lemma mult_eq_mult_factor_inner_le_1:
  fixes u x y w :: "'a::field mat"
  assumes u: "u \<in> carrier_mat n dX" and x: "x \<in> carrier_mat dX m"
    and y: "y \<in> carrier_mat n dY" and w: "w \<in> carrier_mat dY m"
    and dX: "dX \<le> 1" and dY: "dY \<le> 1"
    and nzx: "dX = 1 \<Longrightarrow> \<exists>q<m. x $$ (0, q) \<noteq> 0" and nzy: "dY = 1 \<Longrightarrow> \<exists>p<n. y $$ (p, 0) \<noteq> 0"
    and eq: "u * x = y * w"
  obtains c where "c \<in> carrier_mat dY dX" "u = y * c" "c * x = w"
proof -
  obtain q0 where q0: "dX = 1 \<Longrightarrow> q0 < m \<and> x $$ (0, q0) \<noteq> 0"
    using nzx by blast
  \<comment> \<open>q0 is arbitrary when dX = 0, but then c has no columns\<close>
  define c where "c = mat dY dX (\<lambda>(l, _). w $$ (l, q0) / x $$ (0, q0))"
  have c: "c \<in> carrier_mat dY dX"
    by (simp add: c_def)
  have "u = y * c"
  proof (rule eq_matI)
    fix p k assume "p < dim_row (y * c)" "k < dim_col (y * c)"
    with y c dX have p: "p < n" and k: "k = 0" "dX = 1" by auto
    have "(y * c) $$ (p, 0) = (\<Sum>l<dY. y $$ (p, l) * w $$ (l, q0)) / x $$ (0, q0)"
      using index_mult_mat_sum[OF y c p] k by (simp add: c_def sum_divide_distrib)
    also have "\<dots> = (u * x) $$ (p, q0) / x $$ (0, q0)"
      using index_mult_mat_sum[OF y w p] q0 k eq by simp
    also have "\<dots> = u $$ (p, 0)"
      using mult_mat_inner_le_1_index[OF u x dX p] q0 k by simp
    finally show "u $$ (p, k) = (y * c) $$ (p, k)"
      using k by simp
  qed (use u y c in auto)
  moreover have "c * x = w"
  proof (rule mult_left_cancel_inner_le_1[OF y dY nzy _ w])
    show "y * (c * x) = y * w"
      using \<open>u = y * c\<close> eq assoc_mult_mat[OF y c x] by simp
  qed (use c x in auto)
  ultimately show thesis
    using that c by blast
qed

lemma carrier_mat_0_rows_eq: "A \<in> carrier_mat 0 n \<Longrightarrow> B \<in> carrier_mat 0 n \<Longrightarrow> A = B"
  by (rule eq_matI) auto

lemma carrier_mat_0_cols_eq: "A \<in> carrier_mat n 0 \<Longrightarrow> B \<in> carrier_mat n 0 \<Longrightarrow> A = B"
  by (rule eq_matI) auto

lemma one_mat_1_neq_zero_mat: "(1\<^sub>m 1 :: 'a::zero_neq_one mat) \<noteq> 0\<^sub>m 1 1"
  by (auto simp: mat_eq_iff)

lemma sum_Collect_option:
  fixes f :: "'a::finite option \<Rightarrow> 'b::comm_monoid_add"
  shows "(\<Sum>a\<in>{a. P a}. f a) = (if P None then f None else 0) + (\<Sum>b\<in>{b. P (Some b)}. f (Some b))"
proof -
  have "{a. P a} = (if P None then {None} else {}) \<union> Some ` {b. P (Some b)}"
  proof (rule Set.set_eqI)
    show "x \<in> {a. P a} \<longleftrightarrow> x \<in> (if P None then {None} else {}) \<union> Some ` {b. P (Some b)}" for x
      by (cases x) auto
  qed
  then show ?thesis
    by (simp add: sum.union_disjoint sum.reindex)
qed

section \<open>Representations of double quivers\<close>

lemma is_repD:
  assumes "is_rep ta ha X"
  shows "snd X a False \<in> carrier_mat (fst X (ha a)) (fst X (ta a))"
    and "snd X a True \<in> carrier_mat (fst X (ta a)) (fst X (ha a))"
  using assms by (auto simp: is_rep_def)

lemma is_rep_cycle_carrier:
  assumes "is_rep ta ha X"
  shows "ha a = i \<Longrightarrow> snd X a False * snd X a True \<in> carrier_mat (fst X i) (fst X i)"
    and "ta a = i \<Longrightarrow> snd X a True * snd X a False \<in> carrier_mat (fst X i) (fst X i)"
  using is_repD[OF assms, of a] by (auto intro: mult_carrier_mat)

lemma is_homD:
  assumes "is_hom ta ha X Y f"
  shows "f i \<in> carrier_mat (fst Y i) (fst X i)"
    and "f (ha a) * snd X a False = snd Y a False * f (ta a)"
    and "f (ta a) * snd X a True = snd Y a True * f (ha a)"
  using assms by (auto simp: is_hom_def)

lemma rep_iso_refl:
  assumes "is_rep ta ha Y"
  shows "rep_iso ta ha Y Y"
proof -
  have "is_hom ta ha Y Y (\<lambda>i. 1\<^sub>m (fst Y i))"
    by (simp add: is_hom_def left_mult_one_mat[OF is_repD(1)[OF assms]] right_mult_one_mat[OF is_repD(1)[OF assms]]
        left_mult_one_mat[OF is_repD(2)[OF assms]] right_mult_one_mat[OF is_repD(2)[OF assms]])
  then show ?thesis
    unfolding rep_iso_def by fastforce
qed

lemma Xc_carrier [simp]: "Xc ta ha lam X i \<in> carrier_mat (fst X i) (fst X i)"
  by (simp add: Xc_def)

lemma Xc_eq_mat_sum:
  "Xc ta ha lam X i =
     mat_sum (fst X i) (fst X i) {a. ha a = i} (\<lambda>a. snd X a False * snd X a True)
   - mat_sum (fst X i) (fst X i) {a. ta a = i} (\<lambda>a. snd X a True * snd X a False)
   - lam i \<cdot>\<^sub>m 1\<^sub>m (fst X i)"
  by (intro eq_matI) (auto simp: Xc_def mat_sum_def)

───

- Exercise aim -
The answer is the run of lines above from the line containing "fix p k assume" through the line containing "(u * x) $$ (p, q0)", copied exactly and alone.

- Solution to this problem -
    fix p k assume "p < dim_row (y * c)" "k < dim_col (y * c)"
    with y c dX have p: "p < n" and k: "k = 0" "dX = 1" by auto
    have "(y * c) $$ (p, 0) = (\<Sum>l<dY. y $$ (p, l) * w $$ (l, q0)) / x $$ (0, q0)"
      using index_mult_mat_sum[OF y c p] k by (simp add: c_def sum_divide_distrib)
    also have "\<dots> = (u * x) $$ (p, q0) / x $$ (0, q0)"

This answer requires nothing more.